Andrew Sullivan pauses to consider a recent column in the Washington Post addressing the torture question:
Cohen is right that this should not be a partisan matter, as Cheney has so shrewdly made it, turning the Republicans into the party of torture, and prepping to blame Obama for the next terror attack, which is inevitable. But he is wrong that torture is complicated. It isn’t. It was never complicated before Bush and Cheney instituted it. It was once an exceptional, once-in-a-lifetime, ticking bomb extra-legal necessity. Now it is legitimate according to Charles Krauthammer, the chief intellectual architect of the torture regime, if it saves merely one life.
I don’t take issue with Sullivan, per se, but thought it important to remind that there is no ticking bomb scenario. Or, as James Oliphant, of the Chicago Tribune blogged in May, 2008, of a House Judiciary hearing:
After the hearing, Conyers noted that no witness was able to describe a “ticking time bomb” scenario which would make extreme interrogation necessary.
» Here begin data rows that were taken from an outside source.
section \<open>Automorphisms of a connected premaniplex\<close>

lemma (in group) normalizer_iff:
  "H \<subseteq> carrier G \<Longrightarrow> g \<in> normalizer G H \<longleftrightarrow> g \<in> carrier G \<and> g <# H #> inv g = H"
  unfolding normalizer_def stabilizer_def by auto

lemma (in group) mem_conjugate_coset_iff:
  assumes "H \<subseteq> carrier G" "g \<in> carrier G"
  shows "k \<in> g <# H #> inv g \<longleftrightarrow> k \<in> carrier G \<and> inv g \<otimes> k \<otimes> g \<in> H"
proof -
  have cancel: "x \<otimes> (inv x \<otimes> y) = y" "inv x \<otimes> (x \<otimes> y) = y"
    if "x \<in> carrier G" "y \<in> carrier G" for x y
    using that by (simp_all flip: m_assoc)
  show ?thesis
  proof
    assume "k \<in> g <# H #> inv g"
    then obtain h where "h \<in> H" "k = g \<otimes> h \<otimes> inv g"
      unfolding l_coset_def r_coset_def by auto
    with assms show "k \<in> carrier G \<and> inv g \<otimes> k \<otimes> g \<in> H"
      by (auto simp: m_assoc cancel subsetD)
  next
    assume k: "k \<in> carrier G \<and> inv g \<otimes> k \<otimes> g \<in> H"
    with assms have "k = g \<otimes> (inv g \<otimes> k \<otimes> g) \<otimes> inv g"
      by (simp add: m_assoc cancel)
    with k show "k \<in> g <# H #> inv g"
      unfolding l_coset_def r_coset_def by blast
  qed
qed

lemma stabilizer_subset_carrier: "stabilizer G \<phi> x \<subseteq> carrier G"
  by (auto simp: stabilizer_def)

lemma cox_act_eq_iff_stabilizer:
  assumes P: "premaniplex m F adj" and "c \<in> F" "\<psi> \<in> carrier (Cox m)" "\<psi>' \<in> carrier (Cox m)"
  shows "cox_act adj \<psi> c = cox_act adj \<psi>' c
    \<longleftrightarrow> inv\<^bsub>Cox m\<^esub> \<psi> \<otimes>\<^bsub>Cox m\<^esub> \<psi>' \<in> stabilizer (Cox m) (cox_act adj) c"
proof -
  interpret Cox: group "Cox m" by (rule group_Cox)
  have "cox_act adj (inv\<^bsub>Cox m\<^esub> \<psi> \<otimes>\<^bsub>Cox m\<^esub> \<psi>') c = c
      \<longleftrightarrow> cox_act adj (inv\<^bsub>Cox m\<^esub> \<psi>) (cox_act adj \<psi>' c) = c"
    using assms by (simp add: cox_act_mult[OF P])
  also have "\<dots> \<longleftrightarrow> cox_act adj \<psi>' c = cox_act adj \<psi> c"
    using assms by (intro cox_act_inv_eq_iff[OF P]) (simp_all add: cox_act_closed[OF P])
  finally show ?thesis
    using assms by (auto simp: stabilizer_def)
qed

lemma stabilizer_cox_act:
  assumes P: "premaniplex m F adj" and b: "b \<in> F" and g: "g \<in> carrier (Cox m)"
  shows "stabilizer (Cox m) (cox_act adj) (cox_act adj g b)
    = g <#\<^bsub>Cox m\<^esub> stabilizer (Cox m) (cox_act adj) b #>\<^bsub>Cox m\<^esub> inv\<^bsub>Cox m\<^esub> g"
proof -
  interpret Cox: group "Cox m" by (rule group_Cox)
  have "cox_act adj k (cox_act adj g b) = cox_act adj g b
      \<longleftrightarrow> inv\<^bsub>Cox m\<^esub> g \<otimes>\<^bsub>Cox m\<^esub> k \<otimes>\<^bsub>Cox m\<^esub> g \<in> stabilizer (Cox m) (cox_act adj) b"
    if "k \<in> carrier (Cox m)" for k
    using cox_act_eq_iff_stabilizer[OF P b g, of "k \<otimes>\<^bsub>Cox m\<^esub> g"] that g b
    by (simp add: cox_act_mult[OF P] Cox.m_assoc eq_commute)
  then show ?thesis
    using g by (auto simp: Cox.mem_conjugate_coset_iff stabilizer_subset_carrier) (auto simp: stabilizer_def)
qed

lemma normalizer_stabilizer_iff:
  assumes "premaniplex m F adj" "b \<in> F"
  shows "g \<in> normalizer (Cox m) (stabilizer (Cox m) (cox_act adj) b)
    \<longleftrightarrow> g \<in> carrier (Cox m)
        \<and> stabilizer (Cox m) (cox_act adj) (cox_act adj g b) = stabilizer (Cox m) (cox_act adj) b"
proof -
  have "g \<in> normalizer (Cox m) (stabilizer (Cox m) (cox_act adj) b)
    \<longleftrightarrow> g \<in> carrier (Cox m) \<and> g <#\<^bsub>Cox m\<^esub> stabilizer (Cox m) (cox_act adj) b #>\<^bsub>Cox m\<^esub> inv\<^bsub>Cox m\<^esub> g
                              = stabilizer (Cox m) (cox_act adj) b"
    by (rule group.normalizer_iff[OF group_Cox stabilizer_subset_carrier])
  then show ?thesis
    using stabilizer_cox_act[OF assms] by auto
qed
(* Let $n\ge2$, $C>0$, let $x\in\mathcal{K}_{S+}$ with $x_1\le x_2\le\dots\le x_n$, and let $\tilde{x}=x+\eta$ where either $\eta$ has i.i.d. Laplace entries with mean $0$ and scale $b>0$, or $\eta\sim\mathcal{N}(0,\sigma^2I_n)$ with $\sigma>0$. Let $\alpha=\max_{i}\mathcal{B}(\pi_{S+})_i-\min_i\mathcal{B}(\pi_{S+})_i$. Then $$\alpha\ge \mathcal{B}((\pi_S)_+)_1-\mathcal{B}((\pi_S)_+)_n,$$ and $$\alpha\le\min\Big\{x_n-x_1,\ \mathcal{B}((\pi_S)_+)_1-\mathcal{B}((\pi_S)_+)_n+\sum_{i=1}^n\mathbb{E}\big[(\pi_S(\tilde{x})_i)_-\big]\Big\}.$$
   Context: Let $C>0$, $\mathcal{K}_S=\{v\in\mathbb{R}^n:\sum_i v_i=C\}$, $\mathcal{K}_{S+}=\{v\in\mathcal{K}_S:v\ge0\}$; $\pi_S$ and $\pi_{S+}$ are the Euclidean projections onto $\mathcal{K}_S$ and $\mathcal{K}_{S+}$. $(y)_+=\max\{y,0\}$, $(y)_-=-\min\{y,0\}$ componentwise. For a map $\pi:\mathbb{R}^n\to\mathbb{R}^n$, $\mathcal{B}(\pi)=\mathbb{E}_{\tilde{x}}[\pi(\tilde{x})]-x$; in particular $\mathcal{B}((\pi_S)_+)=\mathbb{E}_{\tilde{x}}[(\pi_S(\tilde{x}))_+]-x$. *)

theory Defs
  imports "HOL-Analysis.Analysis" "HOL-Probability.Probability"
begin

definition KS :: "real \<Rightarrow> (real ^ 'n) set" where
  "KS C = {v. (\<Sum>i\<in>UNIV. v $ i) = C}"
“Radio silence was the response when today’s witnesses were asked to identify a single example of a true ‘ticking bomb’ scenario ever occurring, even though such scenarios are often invoked to justify torture,” Conyers said. “These scholars, who have studied this issue extensively and have intimate knowledge of the legal authority the administration sought, could not identify a single example. I hope that the administration officials who have agreed to testify will shed some light on this and many other questions raised in today’s hearing.”
(It is worth noting that in the browser tab and title, the article is called “Torture’s Ugly Dialogue”, but the headline assigned the story is “Torture’s Unanswerable Questions”. Not sure what the difference actually means, but it sticks out pretty obviously.)